母への暴言

☆ 文学青年の頃  その1

 その頃、29才を「青年」と称していいのか、ともかく私は まだ青春の真っ只中にいた。否、そう思っていた。
そして、「青春」にも、そろそろ決着の時期が近づいている予感もしていた。
 私は青春の総括譜としての記念誌に取り組んだ。題して【生きる】ガリ版刷り50部限定出版 …B5判70頁…と 書けば恰好いいけど、当時熱中していた青年団機関誌に較べると薄っぺらな ものだった。
 その中に、当時、町内の婦人層の人気を集めていたおフクロの交流グループ の機関誌に生意気にも寄稿した挑戦状を掲載している。記録では、昭和44年- 27才の時とある。
 曰く、

"断絶" 思いつくままの暴論 …の一節として… 『親 孝 行』

 「子を持って知る親の恩」「親孝行したい時分に親はなし」と言われるように、 子は自分だけで生きてきたような甘えから、真の親の苦労を知り難い。しかし、 いつかは親としての苦労を知ることになるのである。親は子を育て、子は親になる。 …永遠に繰り返されるこの輪廻…その中で親が子を育てることは当然の責務であり、 その見返りを子に期待すべきではないと思う。なぜなら、その子は親となって、 親から教わったすべてと自分が学んだすべてを合わせて、子に伝えることに専念 しなければならないからである。また、「自分が老いた時に養ってくれるだろう」 という期待で子を育てることは、愛ではなく打算であるに違いないからである。

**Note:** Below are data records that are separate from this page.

lemma exponent_zpow:
  assumes "invertible y" "e \<in> B"
  shows "exponent (zpow y k) e = k * exponent y e"
proof -
  have power: "exponent (z ^ n) e = int n * exponent z e" for z n
    by (induction n) (simp_all add: assms(2) exponent_one exponent_mult algebra_simps)
  have "exponent (minv y) e = - exponent y e"
    using exponent_mult[OF assms(2)] exponent_one[OF assms(2)] invertible_mult_minv[OF assms(1)]
    by (metis add_eq_0_iff)
  then show ?thesis by (simp add: zpow_def power)
qed

end

lemma quantity_basis_some_basis:
  "quantity_space sc \<Longrightarrow> quantity_basis sc (SOME B. is_basis sc B)"
  unfolding quantity_space_def quantity_basis_def by (metis someI_ex)

locale quantity_basis_pair =
  Q: quantity_basis sQ B + R: quantity_basis sR C
  for sQ :: "'k::field \<Rightarrow> 'a::comm_monoid_mult \<Rightarrow> 'a" and B
    and sR :: "'k \<Rightarrow> 'b::comm_monoid_mult \<Rightarrow> 'b" and C
begin

lemma exponent_sm_hom:
  assumes hom: "sm_hom sQ sR \<phi>" and "c \<in> C"
  shows "R.exponent (\<phi> x) c = (\<Sum>b\<in>B. Q.exponent x b * R.exponent (\<phi> b) c)"
proof -
  have "R.exponent (\<phi> x) c = R.exponent (\<phi> (sQ (Q.scalar x) (\<Prod>b\<in>B. zpow b (Q.exponent x b)))) c"
    using Q.expansion_scalar_exponent unfolding expansion_def by metis
  also have "\<dots> = R.exponent (sR (Q.scalar x) (\<Prod>b\<in>B. zpow (\<phi> b) (Q.exponent x b))) c"
    by (simp add: sm_homD[OF hom] sm_hom_prod[OF hom] sm_hom_zpow[OF hom]
        Q.finite_basis Q.basis_invertible)
  also have "\<dots> = (\<Sum>b\<in>B. R.exponent (zpow (\<phi> b) (Q.exponent x b)) c)"
    using \<open>c \<in> C\<close> by (simp add: R.exponent_scale R.exponent_prod Q.finite_basis)
  also have "\<dots> = (\<Sum>b\<in>B. Q.exponent x b * R.exponent (\<phi> b) c)"
    using \<open>c \<in> C\<close> sm_hom_invertible[OF hom]
    by (simp add: R.exponent_zpow Q.basis_invertible)
  finally show ?thesis .
qed

definition relabel :: "('b \<Rightarrow> 'a) \<Rightarrow> 'a \<Rightarrow> 'b" where
  "relabel g x = expansion sR C (Q.scalar x) (\<lambda>c. Q.exponent x (g c))"

lemma scalar_relabel: "R.scalar (relabel g x) = Q.scalar x"
  and exponent_relabel: "c \<in> C \<Longrightarrow> R.exponent (relabel g x) c = Q.exponent x (g c)"
  unfolding relabel_def by (simp_all add: R.scalar_expansion R.exponent_expansion)

lemma sm_hom_relabel:
  assumes "g ` C \<subseteq> B"
  shows "sm_hom sQ sR (relabel g)"
proof -
  have gB: "c \<in> C \<Longrightarrow> g c \<in> B" for c using assms by blast
  show ?thesis
    unfolding sm_hom_def
    by (intro conjI allI R.quantity_eqI)
      (simp_all add: scalar_relabel exponent_relabel gB Q.scalar_one Q.exponent_one
        R.scalar_one R.exponent_one Q.scalar_mult Q.exponent_mult R.scalar_mult R.exponent_mult
        Q.scalar_scale Q.exponent_scale R.scalar_scale R.exponent_scale)
qed

end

 子孫を残していくことが人類の努めであるとするならば、純粋な愛として、その努めを 果たしたい。子は自分だけのものではなく、社会から預けられたものであり、親の愛 によって立派に成長した子は、親元を離れて社会に戻るのである。子は親を踏み台にしても、 より高い次元に進む…そこに、人類の進歩があり、 親の喜びがあるのではないだろうか。

 ここまで書いてくれば、「それでは、親として全然良いことがないではないか」 「勝手なことばかりで、自分が親になってから寂しいだろうに…」と、反論されるに 違いない。私は、「親以上の親になり、自分以上の子を育てる」ことで、親孝行を 果たしたいと思う。
 ただ、老齢の親を優しく労り、肩を叩くことで帳消しにするには、あまりにも 親の恩は大きすぎるからである。

 今の親に、それだけで満足してもらうことは無理 だろうが、私は、そのことで喜びを感じ、子どもの成人後は自分の一生の締めくく りのために、一層、老齢期を伸び伸びと生きてみたい。逆に言えば、老後を看て もらいたいから、あとは息子に頼らねばならないと考えるから、子のすべてが気懸かり なのであり、死そのものを含めた究極の幸福を目指した日々を過ごすことに専念 するとすれば、およそ嫁の悪口を言って廻る余裕などないことになろう。

 では、老いた親の生活はどうなるのか。私は「親と子は、最愛の先輩と後輩の関係 である」と思っているから、子が親の老後を看ることは、自分が生かさして貰っている この社会を形成してくれた先輩に対する敬愛と感謝の念で、快適で伸び伸びとした環境を 与えることだと考える。
 親は子の人格を認め、子は親の労苦に感謝する…この美しい親子関係が崩れることは ないだろろう。むしろ、自分の親を大事にする親孝行よりも、先輩として親のみへの 敬愛のみでなく、隣のじいさん、ばあさんへも変わりなく接することができれば、 「老人の日」など不要であろう。

 すべての先輩に対する感謝と生きる喜びに満ちた社会ができたとき、はじめて、 自我の独立と社会性という相反する大切なことが両立できるように思えるのです。…

 今読み直してみて、なんとまぁ思い切ったことを書いたものだと感心するが、 あれから30年近く経って、当時の母より10才も歳を加えた今となっても、私の親子感 は変わらない。これでよいと思える。願わくば、私の娘や息子も、今このように思ってくれて いればとさえ思う。

 この文に、母のメンバーでは激論もあったろうに、母は一言の感想も口にしなかった。 共働きの私たちに代わって、母はいつも喜々として二人の孫を育て、婦人会役員の マスコットとして連れて回ってくれていたようである。
70才で慢性肝炎が悪化して歩行も ままならぬ体になっても、娘の中国留学を喜び、息子のT大学の入学式には「死んでも 上京する」と言って靖国神社に詣で、両親の参列しか認められなかった日本武道館での入学式の 模様を涙して聞いた。
 … そして2ヶ月後、黙ったまんま逝った。

 私は長女が、「私の29才」になった時、息子とともに、この【生きる】を手渡そうと 考えている。